What you are asked to do »
Take every line from the listing below that contains "noteq".
**** Provided records
lemma krylov_vec_carrier [simp]: "krylov_vec z \<in> carrier_vec (Suc n)"
  by (simp add: krylov_vec_def)

lemma M_mult_krylov_vec:
  assumes nil: "M ^\<^sub>m Suc n = 0\<^sub>m (Suc n) (Suc n)" and i: "i < Suc n"
  shows "(M *\<^sub>v krylov_vec z) $ i = z * krylov_vec z $ i - z ^ Suc n * (1\<^sub>m (Suc n)) $$ (i,n)"
proof -
  have "(M *\<^sub>v krylov_vec z) $ i = (\<Sum>k\<le>n. z ^ (n - k) * (M * M ^\<^sub>m k) $$ (i,n))"
    using row_scalar_prod_pow_sum[OF M_carrier M_carrier i, of n "\<lambda>k. z ^ (n - k)" n] i
    by (simp add: krylov_vec_def)
  also have "\<dots> = (\<Sum>k\<le>n. z ^ (n - k) * (M ^\<^sub>m Suc k) $$ (i,n))"
    by (simp only: pow_mat_Suc_left[OF M_carrier])
  also have "\<dots> = z * krylov_vec z $ i - z ^ Suc n * (M ^\<^sub>m 0) $$ (i,n) + (M ^\<^sub>m Suc n) $$ (i,n)"
    unfolding sum_pow_shift_telescope[of z n "\<lambda>k. (M ^\<^sub>m k) $$ (i,n)"] using i
    by (simp add: krylov_vec_def)
  finally show ?thesis
    using i by (simp add: nil del: pow_mat.simps(2))
qed

lemma C_mult_krylov_vec: "(C *\<^sub>v krylov_vec z) $ 0 = (\<Sum>k\<le>n. z ^ (n - k) * out_markov k)"
  using row_scalar_prod_pow_sum[OF C_carrier M_carrier, of 0 n "\<lambda>k. z ^ (n - k)" n]
  by (simp add: krylov_vec_def out_markov_def)

lemma krylov_vec_zero: "krylov_vec 0 = col (M ^\<^sub>m n) n"
proof -
  have "krylov_vec 0 $ i = (M ^\<^sub>m n) $$ (i,n)" if "i < Suc n" for i
  proof -
    have "krylov_vec 0 $ i = (\<Sum>k\<le>n. 0 ^ (n - k) * (M ^\<^sub>m k) $$ (i,n))"
      using that by (simp add: krylov_vec_def)
    also have "\<dots> = (\<Sum>k\<le>n. if k = n then (M ^\<^sub>m k) $$ (i,n) else 0)"
      by (intro sum.cong) auto
    finally show ?thesis
      by simp
  qed
  then show ?thesis
    using pow_M_dims[of n] by (intro eq_vecI) simp_all
qed

lemma R_mult_krylov_vec:
  assumes "M ^\<^sub>m Suc n = 0\<^sub>m (Suc n) (Suc n)" and "(\<Sum>k\<le>n. z ^ (n - k) * out_markov k) = 0"
  shows "R z *\<^sub>v krylov_vec z = 0\<^sub>v (Suc n)"
  using R_kernel_iff[OF krylov_vec_carrier] M_mult_krylov_vec[OF assms(1)] C_mult_krylov_vec
    assms(2)
  by simp

end

locale complex_gmb_eso = gmb_eso n A0 B0 E0 C0 L for n and A0 B0 E0 C0 L :: "complex mat"
begin

lemma out_markov_eq_zero:
  assumes R_injective and nil: "M ^\<^sub>m Suc n = 0\<^sub>m (Suc n) (Suc n)" and k0: "k0 < n"
  shows "out_markov k0 = 0"
proof (rule ccontr)
  assume nonzero: "out_markov k0 \<noteq> 0"
  define p where "p = (\<Sum>k\<le>n. monom (out_markov k) (n - k))"
  have "coeff p (n - k0) = (\<Sum>k\<le>n. if k = k0 then out_markov k else 0)"
    unfolding p_def coeff_sum coeff_monom using k0 by (intro sum.cong) auto
  then have "coeff p (n - k0) \<noteq> 0"
    using nonzero k0 by simp
  then have "degree p \<noteq> 0"
    using le_degree[of p "n - k0"] k0 by simp
  then obtain z where "poly p z = 0"
    using fundamental_theorem_of_algebra[of p] constant_degree[of p] by auto
  then have "(\<Sum>k\<le>n. z ^ (n - k) * out_markov k) = 0"
    by (simp add: p_def poly_sum poly_monom mult.commute)
  then have V0: "krylov_vec z = 0\<^sub>v (Suc n)"
    using \<open>R_injective\<close> R_mult_krylov_vec[OF nil] krylov_vec_carrier
    unfolding R_injective_def by blast
  show False
  proof (cases "z = 0")
    case True
    then show False
      using last_col_pow_n_nonzero[OF _ nil] \<open>R_injective\<close> V0 krylov_vec_zero
      unfolding R_injective_def by auto
  next
    case False
    have "(M *\<^sub>v krylov_vec z) $ n = 0"
      using V0 by (simp add: carrier_vecI)
    then show False
      using M_mult_krylov_vec[OF nil, of n z] V0 False by simp
  qed
qed

lemma exact_delay_iff: "exact_delay \<longleftrightarrow> R_injective \<and> (\<forall>ev. eigenvalue M ev \<longrightarrow> ev = 0)"
proof
  assume exact_delay
  then show "R_injective \<and> (\<forall>ev. eigenvalue M ev \<longrightarrow> ev = 0)"
    unfolding R_injective_def
    using exact_delay_R_kernel_trivial exact_delay_eigenvalue_eq_zero by blast
next
  assume conds: "R_injective \<and> (\<forall>ev. eigenvalue M ev \<longrightarrow> ev = 0)"
  then have nil: "M ^\<^sub>m Suc n = 0\<^sub>m (Suc n) (Suc n)"
    using pow_eq_zero_if_eigenvalues_zero[OF M_carrier] by blast
  show exact_delay
    using conds out_markov_eq_zero[OF _ nil] by (intro exact_delay_if_out_markov_zero[OF nil]) blast
qed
********
Result for this task »
  assume nonzero: "out_markov k0 \<noteq> 0"
  then have "coeff p (n - k0) \<noteq> 0"
  then have "degree p \<noteq> 0"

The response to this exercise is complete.